LOL, that’s what I was thinking about her neck.
From the little that I’ve seen of these kids, via media coverage of show, they have inherited her bossy personality, so I’d guess that all eight kids cry all the way home every day if they don’t get their way. :-p
Could this be listed as the Stockholm Syndrome??
I’m not the only poerson on this site or others to notice it was the kids saying they missed the crews, not the cameras (though on that part, who knows?) They missed the people who were probably the most normal adults in their twisted little lives. Kids get attached to people easily and probably don’t fully comprehend their suddenly leaving them. They all need therapy. Lots of it.
I freely admit I am probably the sole visitor who liked that show.
In retrospect it was obvious Kate was the brains of the operation and her dictatorial behavior was absolutely necessary to contain Jon’s inner douchebag self.
Jon probably suffers from Tiger Woods’ Syndrome – a fairly anonymous and awkward teenager with deep insecurities and little interaction with women is thrust into a spot of some international acclaim and fortune only after he’s married and contractually unable to live out his teenage fantasies with the nubile opportunities now presented to him.
Strangely enough, both Tiger and Jon philandered on their respective extremely and somewhat attractive wives with women who are significantly less attractive than their wives.
Men?
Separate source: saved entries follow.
lemma binomial_gens_vanishing:
  assumes edges: "\<forall>i<s. f i \<subseteq> {..<n}"
    and "b \<in> (binomial_gens n s f :: 'a::{field,finite} mpoly set)"
  shows "b \<in> polys s \<and> homogeneous b \<and> (\<forall>x. (\<forall>j<n. x j \<noteq> 0) \<longrightarrow> eval b (param_pt s f x) = 0)"
proof -
  obtain a where b: "b = Defs.monom (pos_part a) - Defs.monom (neg_part a)"
    and keys: "Poly_Mapping.keys a \<subseteq> {..<s}"
    and cong: "\<forall>j<n. Amul s f (pos_part a) j mod (int CARD('a) - 1)
                     = Amul s f (neg_part a) j mod (int CARD('a) - 1)"
    and deg: "mdeg (pos_part a) = mdeg (neg_part a)"
    using assms(2) unfolding binomial_gens_def by blast
  have "CARD('a) \<ge> 1" using card_field_ge_2[where 'a='a] by simp
  hence "\<forall>j<n. [Anat s f (pos_part a) j = Anat s f (neg_part a) j] (mod CARD('a) - 1)"
    using cong Amul_cong_iff by blast
  moreover have "Poly_Mapping.keys (pos_part a) \<subseteq> {..<s}" "Poly_Mapping.keys (neg_part a) \<subseteq> {..<s}"
    using keys keys_pos_part keys_neg_part by blast+
  ultimately show ?thesis
    unfolding b using binomial_polys binomial_homogeneous[OF deg] binomial_vanishes[OF edges]
    by blast
qed


section \<open>Coefficient sums over residue classes\<close>

text \<open>Divisibility criterion used to detect the trivial character: adding (Q - 1) b
  to a is subtracting b modulo Q.\<close>
lemma dvd_add_mult_pred_iff:
  fixes a b Q :: nat
  assumes "Q \<ge> 1"
  shows "Q dvd a + (Q - 1) * b \<longleftrightarrow> [a = b] (mod Q)"
proof -
  have "a + (Q - 1) * b + b = a + Q * b" using assms by (cases Q) auto
  hence "Q dvd a + (Q - 1) * b \<longleftrightarrow> [a + Q * b = 0 + b] (mod Q)"
    by (metis cong_0_iff cong_add_rcancel_nat)
  also have "\<dots> \<longleftrightarrow> [a = b] (mod Q)" by (simp add: cong_def)
  finally show ?thesis .
qed

text \<open>The key consequence of character orthogonality: if g vanishes on X, then its
  coefficients sum to zero over every class of monomials m with a prescribed value of
  A m modulo q - 1.  Pair the values of g with the character x \<mapsto> x^((q-2)e).\<close>
lemma coefficient_class_sum_vanishes:
  fixes g :: "'a::{field,finite} mpoly"
  assumes edges: "\<forall>i<s. f i \<subseteq> {..<n}" and g: "g \<in> polys s"
    and van: "\<forall>x. (\<forall>j<n. x j \<noteq> 0) \<longrightarrow> eval g (param_pt s f x) = 0"
  shows "(\<Sum>m\<in>{m \<in> Poly_Mapping.keys g. \<forall>j<n. [Anat s f m j = e j] (mod CARD('a) - 1)}.
           Poly_Mapping.lookup g m) = 0"
proof -
  define Q where "Q = CARD('a) - 1"
  have "Q \<ge> 1" using card_field_ge_2[where 'a='a] by (simp add: Q_def)
  define T where "T = PiE {..<n} (\<lambda>_. -{0::'a})"
  define K where "K = Poly_Mapping.keys g"
  define c where "c = Poly_Mapping.lookup g"
  define w where "w j = (Q - 1) * e j" for j
  define in_class where "in_class m \<longleftrightarrow> (\<forall>j<n. [Anat s f m j = e j] (mod Q))" for m
  have char_sum: "(\<Sum>x\<in>T. \<Prod>j<n. x j ^ (Anat s f m j + w j)) = (if in_class m then (-1) ^ n else 0)"
    for m
    unfolding T_def sum_torus_character Q_def[symmetric] w_def in_class_def
      dvd_add_mult_pred_iff[OF \<open>Q \<ge> 1\<close>] ..
  have "0 = (\<Sum>x\<in>T. eval g (param_pt s f x) * (\<Prod>j<n. x j ^ w j))"
    using van by (auto simp: T_def PiE_iff intro!: sum.neutral[symmetric])
  also have "\<dots> = (\<Sum>x\<in>T. \<Sum>m\<in>K. c m * (\<Prod>j<n. x j ^ (Anat s f m j + w j)))"
    unfolding eval_param_pt[OF edges g] K_def c_def
    by (simp add: sum_distrib_right mult.assoc prod.distrib[symmetric] power_add)
  also have "\<dots> = (\<Sum>m\<in>K. c m * (\<Sum>x\<in>T. \<Prod>j<n. x j ^ (Anat s f m j + w j)))"
    by (subst sum.swap) (simp add: sum_distrib_left)
  also have "\<dots> = (-1) ^ n * (\<Sum>m\<in>{m \<in> K. in_class m}. c m)"
    using sum.inter_filter[of K c in_class]
    by (simp add: K_def char_sum sum_distrib_left if_distrib mult.commute cong: if_cong)
  finally show ?thesis by (simp add: K_def c_def in_class_def Q_def)
qed


section \<open>Homogeneous polynomials vanishing on X lie in the binomial ideal\<close>

lemma mdeg_superset:
  assumes "finite A" and "Poly_Mapping.keys m \<subseteq> A"
  shows "mdeg m = (\<Sum>i\<in>A. Poly_Mapping.lookup m i)"
  unfolding mdeg_def by (rule sum.mono_neutral_left[OF assms]) (auto simp: in_keys_iff)

lemma mdeg_add: "mdeg (a + b) = mdeg a + mdeg b"
proof -
  let ?A = "Poly_Mapping.keys a \<union> Poly_Mapping.keys b"
  have "mdeg (a + b) = (\<Sum>i\<in>?A. Poly_Mapping.lookup (a + b) i)"
    by (rule mdeg_superset) (auto simp: keys_add)
  thus ?thesis by (simp add: lookup_add sum.distrib mdeg_superset[of ?A a] mdeg_superset[of ?A b])
qed

text \<open>Two monomials t^m, t^m' share the factor t^g, g = min(m, m'), and the cofactors are
  t^(a+), t^(a-) for the integer vector a = m - m'.\<close>
lemma monomial_pair_factor:
  fixes m m' :: "nat \<Rightarrow>\<^sub>0 nat"
  obtains g a where "m = g + pos_part a" "m' = g + neg_part a"
    and "Poly_Mapping.keys g \<subseteq> Poly_Mapping.keys m"
    and "Poly_Mapping.keys a \<subseteq> Poly_Mapping.keys m \<union> Poly_Mapping.keys m'"
proof
  define a :: "nat \<Rightarrow>\<^sub>0 int" where "a = Poly_Mapping.map int m - Poly_Mapping.map int m'"
  have la: "Poly_Mapping.lookup a i = int (Poly_Mapping.lookup m i) - int (Poly_Mapping.lookup m' i)" for i
    by (simp add: a_def lookup_minus Poly_Mapping.map.rep_eq when_def)
  show "m = (m - pos_part a) + pos_part a" "m' = (m - pos_part a) + neg_part a"
    by (rule poly_mapping_eqI; simp add: lookup_add lookup_minus lookup_pos_part lookup_neg_part la)+
  show "Poly_Mapping.keys (m - pos_part a) \<subseteq> Poly_Mapping.keys m"
    by (auto simp: in_keys_iff lookup_minus)
  show "Poly_Mapping.keys a \<subseteq> Poly_Mapping.keys m \<union> Poly_Mapping.keys m'"
    by (auto simp: in_keys_iff la)
qed

lemma monomial_difference_in_binomial_ideal:
  assumes keys: "Poly_Mapping.keys m \<subseteq> {..<s}" "Poly_Mapping.keys m' \<subseteq> {..<s}"
    and deg: "mdeg m = mdeg m'"
    and cong: "\<forall>j<n. [Anat s f m j = Anat s f m' j] (mod CARD('a) - 1)"
  shows "(Defs.monom m - Defs.monom m' :: 'a::{field,finite} mpoly) \<in> ideal_gen s (binomial_gens n s f)"
proof -
  obtain g a where m: "m = g + pos_part a" and m': "m' = g + neg_part a"
    and keys_g: "Poly_Mapping.keys g \<subseteq> Poly_Mapping.keys m"
    and keys_a: "Poly_Mapping.keys a \<subseteq> Poly_Mapping.keys m \<union> Poly_Mapping.keys m'"
    by (rule monomial_pair_factor)
  have "CARD('a) \<ge> 1" using card_field_ge_2[where 'a='a] by simp
  moreover have "[Anat s f (pos_part a) j = Anat s f (neg_part a) j] (mod CARD('a) - 1)" if "j < n" for j
    using cong that unfolding m m' Anat_add cong_add_lcancel_nat by blast
  ultimately have "\<forall>j<n. Amul s f (pos_part a) j mod (int CARD('a) - 1)
                        = Amul s f (neg_part a) j mod (int CARD('a) - 1)"
    using Amul_cong_iff by blast
  moreover have "mdeg (pos_part a) = mdeg (neg_part a)" using deg unfolding m m' mdeg_add by simp
  moreover have "Poly_Mapping.keys a \<subseteq> {..<s}" using keys keys_a by blast
  ultimately have gen: "(Defs.monom (pos_part a) - Defs.monom (neg_part a) :: 'a mpoly) \<in> binomial_gens n s f"
    unfolding binomial_gens_def by blast
  have "(Defs.monom m - Defs.monom m' :: 'a mpoly)
          = Defs.monom g * (Defs.monom (pos_part a) - Defs.monom (neg_part a))"
    unfolding m m' Defs.monom_def by (simp add: right_diff_distrib mult_single)
  moreover have "(Defs.monom g :: 'a mpoly) \<in> polys s"
    unfolding Defs.monom_def using keys keys_g by (intro polys_single) blast
  ultimately show ?thesis using ideal_gen_mult ideal_gen_base[OF gen] by metis
qed

definition A_residue :: "nat \<Rightarrow> nat \<Rightarrow> nat \<Rightarrow> (nat \<Rightarrow> nat set) \<Rightarrow> (nat \<Rightarrow>\<^sub>0 nat) \<Rightarrow> nat \<Rightarrow> nat" where
  "A_residue Q n s f m = (\<lambda>j\<in>{..<n}. Anat s f m j mod Q)"

lemma A_residue_eq_iff:
  "A_residue Q n s f m = A_residue Q n s f m' \<longleftrightarrow> (\<forall>j<n. [Anat s f m j = Anat s f m' j] (mod Q))"
  by (auto simp: A_residue_def cong_def restrict_def fun_eq_iff)

text \<open>Choose a representative r m of the residue class of each monomial m of g.  Then
  g = \<Sum> c_m (t^m - t^(r m)), because the c_m cancel on each class, and each
  t^m - t^(r m) lies in the binomial ideal.\<close>
lemma vanishing_in_binomial_ideal:
  fixes g :: "'a::{field,finite} mpoly"
  assumes edges: "\<forall>i<s. f i \<subseteq> {..<n}" and g: "g \<in> polys s" and "homogeneous g"
    and van: "\<forall>x. (\<forall>j<n. x j \<noteq> 0) \<longrightarrow> eval g (param_pt s f x) = 0"
  shows "g \<in> ideal_gen s (binomial_gens n s f)"
proof -
  define K where "K = Poly_Mapping.keys g"
  define c where "c = Poly_Mapping.lookup g"
  define R where "R = A_residue (CARD('a) - 1) n s f"
  define r where "r m = (SOME m'. m' \<in> K \<and> R m' = R m)" for m
  have r: "r m \<in> K \<and> R (r m) = R m" if "m \<in> K" for m
    unfolding r_def by (rule someI[of _ m]) (use that in simp)
  have fibre: "{m'\<in>K. r m' = r m} = {m'\<in>K. \<forall>j<n. [Anat s f m' j = Anat s f m j] (mod CARD('a) - 1)}"
    if "m \<in> K" for m
  proof -
    have "r m' = r m \<longleftrightarrow> R m' = R m" if "m' \<in> K" for m'
    proof
      assume "r m' = r m" thus "R m' = R m" using r \<open>m \<in> K\<close> \<open>m' \<in> K\<close> by metis
    next
      assume "R m' = R m" thus "r m' = r m" unfolding r_def by simp
    qed
    thus ?thesis by (auto simp: R_def A_residue_eq_iff)
  qed
  have keys: "Poly_Mapping.keys m \<subseteq> {..<s}" if "m \<in> K" for m
    using g that unfolding polys_def K_def by blast
  obtain d where deg: "\<forall>m\<in>K. mdeg m = d" using \<open>homogeneous g\<close> unfolding homogeneous_def K_def by blast
  have "g = (\<Sum>m\<in>K. Poly_Mapping.single m (c m) - Poly_Mapping.single (r m) (c m))
            + (\<Sum>m\<in>K. Poly_Mapping.single (r m) (c m))"
    using sum_of_terms[of g] by (simp add: K_def c_def sum_subtractf)
  also have "(\<Sum>m\<in>K. Poly_Mapping.single (r m) (c m)) = 0"
  proof (rule sum_terms_fibres_zero)
    show "finite K" by (simp add: K_def)
    fix m assume "m \<in> K"
    show "(\<Sum>m'\<in>{m'\<in>K. r m' = r m}. c m') = 0"
      unfolding fibre[OF \<open>m \<in> K\<close>]
      using coefficient_class_sum_vanishes[OF edges g van, folded K_def c_def] .
  qed
  finally have g_sum: "g = (\<Sum>m\<in>K. Poly_Mapping.single 0 (c m) * (Defs.monom m - Defs.monom (r m)))"
    by (simp add: Defs.monom_def right_diff_distrib mult_single)
  show ?thesis
  proof (subst g_sum, intro ideal_gen_sum ideal_gen_mult)
    fix m assume "m \<in> K"
    thus "Poly_Mapping.single 0 (c m) \<in> polys s" by (intro polys_single) simp
    show "(Defs.monom m - Defs.monom (r m) :: 'a mpoly) \<in> ideal_gen s (binomial_gens n s f)"
      using r[OF \<open>m \<in> K\<close>] keys deg \<open>m \<in> K\<close> unfolding R_def A_residue_eq_iff
      by (intro monomial_difference_in_binomial_ideal) (auto simp: cong_sym_eq)
  qed (simp add: K_def)
qed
What’s up with that?
Apparently it all looks alike in the dark, FS.
And maybe the allure–make that “allure”–is analogous to wanting pizza delivered rather than taking the time and effort to grill a steak.
It must just kill John that Kate was named a fascinating person, and he wasn’t.
Not that I find her fascinating at all, but you know what I mean.
Right?
FS – There’s been a report the Tiger Woods was into group sex and, according to one of his ladies (the $60K/night “escort”), had “amazing stamina”.
So maybe his wife wasn’t into that scene and he went looking for women who would fulfill that reality.
These poor kids have had cameras in their faces since they were born. It’s no wonder that they feel that having a camera crew around is normal. Kate once said the kids loved them. They obviously became more like family to them than their own parents. Also, I think the way she handled it with the kids was cruel. No wonder they were all sobbing in the car when she yanked the rug out from under them without notice. Don’t you think it would have been a good idea to sit them down & talk to them when it happened, explaining the situation in terms the kids could understand rather than wait for them to ask? Couldn’t the crew have said goodbye at the end of filming, KNOWING the show was going to end? “Our show is over.” is no way to handle it. It was just plain mean and Kate obviously thrives on drama or else she would have handled it like a PARENT not an EXECUTIVE PRODUCER.
I wouldn’t find Jon OR Kate “fascinating” if they were flayed and rolled in Cheerios.